**EXERCISE DIRECTIONS**: Once the line containing "by (rule sum_mult_sums_swap)" is found, return it and every line that follows, up to and including the final line of the material, exactly as written.

**DATASET**:
lemma gfact_basis_coeffs_unique:
  assumes "\<And>t. (\<Sum>i\<le>N. c i * gfact (t - G) B i) = (\<Sum>i\<le>N. d i * gfact (t - G) B i)"
    and "i \<le> N"
  shows "c i = d i"
proof -
  have "poly (\<Sum>i\<le>N. smult (c i - d i) (gfact_poly B i)) t = 0" for t
    using assms(1)[of "t + G"]
    by (simp add: poly_sum poly_gfact_poly left_diff_distrib sum_subtractf)
  then have "(\<Sum>i\<le>N. smult (c i - d i) (gfact_poly B i)) = 0"
    using poly_all_0_iff_0 by blast
  then show ?thesis
    using gfact_poly_independent assms(2) by fastforce
qed

lemma gfact_expansion_exists:
  "\<exists>c. (\<forall>k>n. c k = 0) \<and> (\<forall>t. gfact t a n = (\<Sum>k\<le>n. c k * gfact (t - G) B k))"
proof (induction n)
  case 0
  show ?case
    by (rule exI[of _ "\<lambda>k. if k = 0 then 1 else 0"]) simp
next
  case (Suc n)
  then obtain c where c_vanish: "\<forall>k>n. c k = 0"
    and c_expansion: "\<forall>t. gfact t a n = (\<Sum>k\<le>n. c k * gfact (t - G) B k)"
    by blast
  define e where "e k = G + of_nat k * B - of_nat n * a" for k
  define d where "d k = (if k = 0 then 0 else c (k - 1)) + e k * c k" for k
  have "gfact t a (Suc n) = (\<Sum>k\<le>Suc n. d k * gfact (t - G) B k)" for t
  proof -
    have shift: "(\<Sum>k\<le>Suc n. (if k = 0 then 0 else c (k - 1)) * gfact (t - G) B k)
        = (\<Sum>k\<le>n. c k * gfact (t - G) B (Suc k))"
      by (subst sum.atMost_Suc_shift) simp
    have "(\<Sum>k\<le>Suc n. d k * gfact (t - G) B k)
        = (\<Sum>k\<le>n. c k * gfact (t - G) B (Suc k)) + (\<Sum>k\<le>Suc n. e k * c k * gfact (t - G) B k)"
      by (simp only: d_def distrib_right sum.distrib shift)
    also have "\<dots> = (\<Sum>k\<le>n. c k * (gfact (t - G) B (Suc k) + e k * gfact (t - G) B k))"
      using c_vanish by (simp add: sum.distrib distrib_left mult.assoc mult.left_commute)
    also have "\<dots> = (\<Sum>k\<le>n. c k * gfact (t - G) B k) * (t - of_nat n * a)"
      unfolding e_def gfact_mult_linear[symmetric] sum_distrib_right by (simp only: mult.assoc)
    also have "\<dots> = gfact t a (Suc n)"
      by (simp only: gfact_Suc c_expansion)
    finally show ?thesis ..
  qed
  moreover have "\<forall>k>Suc n. d k = 0"
    using c_vanish by (simp add: d_def)
  ultimately show ?case
    by blast
qed

lemma gfact_expansion_unique:
  "\<exists>!c. (\<forall>k>n. c k = 0) \<and> (\<forall>t. gfact t a n = (\<Sum>k\<le>n. c k * gfact (t - G) B k))"
proof (rule ex_ex1I)
  show "\<exists>c. (\<forall>k>n. c k = 0) \<and> (\<forall>t. gfact t a n = (\<Sum>k\<le>n. c k * gfact (t - G) B k))"
    by (rule gfact_expansion_exists)
next
  fix c d
  assume c: "(\<forall>k>n. c k = 0) \<and> (\<forall>t. gfact t a n = (\<Sum>k\<le>n. c k * gfact (t - G) B k))"
    and d: "(\<forall>k>n. d k = 0) \<and> (\<forall>t. gfact t a n = (\<Sum>k\<le>n. d k * gfact (t - G) B k))"
  have "c k = d k" for k
  proof (cases "k \<le> n")
    case True
    moreover have "(\<Sum>k\<le>n. c k * gfact (t - G) B k) = (\<Sum>k\<le>n. d k * gfact (t - G) B k)" for t
      using c d by metis
    ultimately show ?thesis
      by (rule gfact_basis_coeffs_unique[where N=n, rotated])
  next
    case False
    then show ?thesis
      using c d by auto
  qed
  then show "c = d" ..
qed

lemma gstirling_spec:
  "(\<forall>k>n. gstirling n k a B G = 0) \<and>
   (\<forall>t. gfact t a n = (\<Sum>k\<le>n. gstirling n k a B G * gfact (t - G) B k))"
  unfolding gstirling_def by (rule theI'[OF gfact_expansion_unique])

lemma gstirling_eq_0: "n < k \<Longrightarrow> gstirling n k a B G = 0"
  using gstirling_spec by blast

lemma gfact_eq_sum_gstirling:
  assumes "n \<le> N"
  shows "gfact t a n = (\<Sum>k\<le>N. gstirling n k a B G * gfact (t - G) B k)"
proof -
  have "gfact t a n = (\<Sum>k\<le>n. gstirling n k a B G * gfact (t - G) B k)"
    using gstirling_spec by blast
  also have "\<dots> = (\<Sum>k\<le>N. gstirling n k a B G * gfact (t - G) B k)"
    by (rule sum.mono_neutral_left) (use assms gstirling_eq_0 in auto)
  finally show ?thesis .
qed

lemma gfact_eq_pochhammer:
  assumes "a \<noteq> 0"
  shows "gfact t a n = (- a) ^ n * pochhammer (- t / a) n"
proof -
  have "gfact t a n = (\<Prod>j<n. (- a) * (- t / a + of_nat j))"
    unfolding gfact_def by (rule prod.cong) (use assms in \<open>auto simp: field_simps\<close>)
  then show ?thesis
    by (simp only: prod.distrib pochhammer_prod atLeast0LessThan prod_constant card_lessThan)
qed

lemma gfact_add:
  "gfact (s + t) a n = (\<Sum>k\<le>n. real (n choose k) * gfact s a k * gfact t a (n - k))"
proof (cases "a = 0")
  case True
  then show ?thesis
    by (simp add: gfact_def binomial_ring)
next
  case False
  have "gfact (s + t) a n = (- a) ^ n * pochhammer (- s / a + - t / a) n"
    using False by (simp add: gfact_eq_pochhammer add_divide_distrib diff_divide_distrib)
  also have "\<dots> = (\<Sum>k\<le>n. real (n choose k) * ((- a) ^ k * pochhammer (- s / a) k)
                            * ((- a) ^ (n - k) * pochhammer (- t / a) (n - k)))"
    unfolding pochhammer_binomial_sum sum_distrib_left
    by (intro sum.cong refl) (simp add: power_add[symmetric] mult_ac)
  also have "\<dots> = (\<Sum>k\<le>n. real (n choose k) * gfact s a k * gfact t a (n - k))"
    using False by (simp add: gfact_eq_pochhammer)
  finally show ?thesis .
qed

lemma sum_atMost_square_eq_sum_diagonals:
  fixes F :: "nat \<Rightarrow> nat \<Rightarrow> 'a::comm_monoid_add"
  assumes "\<And>i j. n < i + j \<Longrightarrow> F i j = 0"
  shows "(\<Sum>i\<le>n. \<Sum>j\<le>n. F i j) = (\<Sum>m\<le>n. \<Sum>i\<le>m. F i (m - i))"
proof -
  have "(\<Sum>i\<le>n. \<Sum>j\<le>n. F i j) = (\<Sum>(i, j)\<in>{..n} \<times> {..n}. F i j)"
    by (simp add: sum.cartesian_product)
  also have "\<dots> = (\<Sum>(i, j)\<in>{(i, j). i + j \<le> n}. F i j)"
    by (rule sum.mono_neutral_right) (use assms not_le in fastforce)+
  also have "\<dots> = (\<Sum>m\<le>n. \<Sum>i\<le>m. F i (m - i))"
    by (rule sum.triangle_reindex_eq)
  finally show ?thesis .
qed

lemma sum_mult_sums_swap:
  fixes c :: "'k \<Rightarrow> 'a::comm_semiring_0"
  shows "(\<Sum>k\<in>K. c k * (\<Sum>i\<in>I. p k i * u i) * (\<Sum>j\<in>J. q k j * v j))
       = (\<Sum>i\<in>I. \<Sum>j\<in>J. (\<Sum>k\<in>K. c k * p k i * q k j) * u i * v j)"
proof -
  have "(\<Sum>k\<in>K. c k * (\<Sum>i\<in>I. p k i * u i) * (\<Sum>j\<in>J. q k j * v j))
      = (\<Sum>k\<in>K. \<Sum>i\<in>I. \<Sum>j\<in>J. c k * p k i * q k j * u i * v j)"
    by (simp add: sum_product sum_distrib_left mult_ac)
  also have "\<dots> = (\<Sum>i\<in>I. \<Sum>j\<in>J. \<Sum>k\<in>K. c k * p k i * q k j * u i * v j)"
    by (subst sum.swap) (intro sum.cong refl sum.swap)
  also have "\<dots> = (\<Sum>i\<in>I. \<Sum>j\<in>J. (\<Sum>k\<in>K. c k * p k i * q k j) * u i * v j)"
    by (simp only: sum_distrib_right)
  finally show ?thesis .
qed

lemma gfact_basis2_coeffs_unique:
  assumes "\<And>s t. (\<Sum>i\<le>N. \<Sum>j\<le>N. c i j * gfact (s - G) B i * gfact (t - H) B j)
                = (\<Sum>i\<le>N. \<Sum>j\<le>N. d i j * gfact (s - G) B i * gfact (t - H) B j)"
    and "i \<le> N" and "j \<le> N"
  shows "c i j = d i j"
proof -
  have swap: "(\<Sum>j\<le>N. (\<Sum>i\<le>N. e i j * gfact (s - G) B i) * gfact (t - H) B j)
      = (\<Sum>i\<le>N. \<Sum>j\<le>N. e i j * gfact (s - G) B i * gfact (t - H) B j)" for e s t
    by (simp only: sum_distrib_right) (rule sum.swap)
  have "(\<Sum>i\<le>N. c i j * gfact (s - G) B i) = (\<Sum>i\<le>N. d i j * gfact (s - G) B i)" for s
  proof (rule gfact_basis_coeffs_unique[where c = "\<lambda>j. \<Sum>i\<le>N. c i j * gfact (s - G) B i"
        and d = "\<lambda>j. \<Sum>i\<le>N. d i j * gfact (s - G) B i", OF _ \<open>j \<le> N\<close>])
    fix t
    show "(\<Sum>j\<le>N. (\<Sum>i\<le>N. c i j * gfact (s - G) B i) * gfact (t - H) B j)
        = (\<Sum>j\<le>N. (\<Sum>i\<le>N. d i j * gfact (s - G) B i) * gfact (t - H) B j)"
      unfolding swap by (rule assms(1))
  qed
  then show ?thesis
    by (rule gfact_basis_coeffs_unique[OF _ \<open>i \<le> N\<close>])
qed

lemma gstirling_convolution:
  assumes "i \<le> n" and "j \<le> n"
  shows "real ((i + j) choose i) * gstirling n (i + j) a B (G + H)
       = (\<Sum>k\<le>n. real (n choose k) * gstirling k i a B G * gstirling (n - k) j a B H)"
proof (rule gfact_basis2_coeffs_unique[where N = n and G = G and H = H and B = B, OF _ assms])
  fix s t
  define S where "S m = gstirling n m a B (G + H)" for m
  define S1 where "S1 k i = gstirling k i a B G" for k i
  define S2 where "S2 k j = gstirling k j a B H" for k j
  let ?g1 = "\<lambda>i. gfact (s - G) B i" and ?g2 = "\<lambda>j. gfact (t - H) B j"
  have "gfact (s + t) a n = (\<Sum>m\<le>n. S m * gfact ((s - G) + (t - H)) B m)"
    unfolding S_def by (subst gfact_eq_sum_gstirling[where G = "G + H"]) (simp_all add: algebra_simps)
  also have "\<dots> = (\<Sum>m\<le>n. \<Sum>i\<le>m. real (i + (m - i) choose i) * S (i + (m - i)) * ?g1 i * ?g2 (m - i))"
    by (intro sum.cong refl) (simp add: gfact_add sum_distrib_left mult_ac)
  also have "\<dots> = (\<Sum>i\<le>n. \<Sum>j\<le>n. real ((i + j) choose i) * S (i + j) * ?g1 i * ?g2 j)"
    by (rule sum_atMost_square_eq_sum_diagonals[symmetric]) (simp add: S_def gstirling_eq_0)
  finally have by_sum: "gfact (s + t) a n = \<dots>" .
  have "gfact (s + t) a n
      = (\<Sum>k\<le>n. real (n choose k) * (\<Sum>i\<le>n. S1 k i * ?g1 i) * (\<Sum>j\<le>n. S2 (n - k) j * ?g2 j))"
    unfolding gfact_add S1_def S2_def
  proof (intro sum.cong refl)
    fix k
    assume "k \<in> {..n}"
    then have "gfact s a k = (\<Sum>i\<le>n. gstirling k i a B G * ?g1 i)"
      and "gfact t a (n - k) = (\<Sum>j\<le>n. gstirling (n - k) j a B H * ?g2 j)"
      by (auto intro!: gfact_eq_sum_gstirling)
    then show "real (n choose k) * gfact s a k * gfact t a (n - k)
        = real (n choose k) * (\<Sum>i\<le>n. gstirling k i a B G * ?g1 i)
          * (\<Sum>j\<le>n. gstirling (n - k) j a B H * ?g2 j)"
      by simp
  qed
  also have "\<dots> = (\<Sum>i\<le>n. \<Sum>j\<le>n. (\<Sum>k\<le>n. real (n choose k) * S1 k i * S2 (n - k) j) * ?g1 i * ?g2 j)"
    by (rule sum_mult_sums_swap)
  finally have by_factors: "gfact (s + t) a n = \<dots>" .
  show "(\<Sum>i\<le>n. \<Sum>j\<le>n. real ((i + j) choose i) * gstirling n (i + j) a B (G + H) * ?g1 i * ?g2 j)
      = (\<Sum>i\<le>n. \<Sum>j\<le>n. (\<Sum>k\<le>n. real (n choose k) * gstirling k i a B G * gstirling (n - k) j a B H)
            * ?g1 i * ?g2 j)"
    using by_sum by_factors by (simp add: S_def S1_def S2_def)
qed

lemma pochhammer_add_mult_power:
  fixes u v c :: "'a::comm_ring_1"
  shows "pochhammer (u + v) m * c ^ m
       = (\<Sum>i\<le>m. of_nat (m choose i) * (pochhammer u i * c ^ i) * (pochhammer v (m - i) * c ^ (m - i)))"
  unfolding pochhammer_binomial_sum sum_distrib_right
proof (intro sum.cong refl)
  fix i
  assume "i \<in> {..m}"
  then have "c ^ m = c ^ i * c ^ (m - i)"
    by (simp flip: power_add)
  then show "of_nat (m choose i) * pochhammer u i * pochhammer v (m - i) * c ^ m
      = of_nat (m choose i) * (pochhammer u i * c ^ i) * (pochhammer v (m - i) * c ^ (m - i))"
    by (simp add: mult_ac)
qed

**WRITTEN RESPONSE**:
    by (rule sum_mult_sums_swap)
  finally have by_factors: "gfact (s + t) a n = \<dots>" .
  show "(\<Sum>i\<le>n. \<Sum>j\<le>n. real ((i + j) choose i) * gstirling n (i + j) a B (G + H) * ?g1 i * ?g2 j)
      = (\<Sum>i\<le>n. \<Sum>j\<le>n. (\<Sum>k\<le>n. real (n choose k) * gstirling k i a B G * gstirling (n - k) j a B H)
            * ?g1 i * ?g2 j)"
    using by_sum by_factors by (simp add: S_def S1_def S2_def)
qed

lemma pochhammer_add_mult_power:
  fixes u v c :: "'a::comm_ring_1"
  shows "pochhammer (u + v) m * c ^ m
       = (\<Sum>i\<le>m. of_nat (m choose i) * (pochhammer u i * c ^ i) * (pochhammer v (m - i) * c ^ (m - i)))"
  unfolding pochhammer_binomial_sum sum_distrib_right
proof (intro sum.cong refl)
  fix i
  assume "i \<in> {..m}"
  then have "c ^ m = c ^ i * c ^ (m - i)"
    by (simp flip: power_add)
  then show "of_nat (m choose i) * pochhammer u i * pochhammer v (m - i) * c ^ m
      = of_nat (m choose i) * (pochhammer u i * c ^ i) * (pochhammer v (m - i) * c ^ (m - i))"
    by (simp add: mult_ac)
qed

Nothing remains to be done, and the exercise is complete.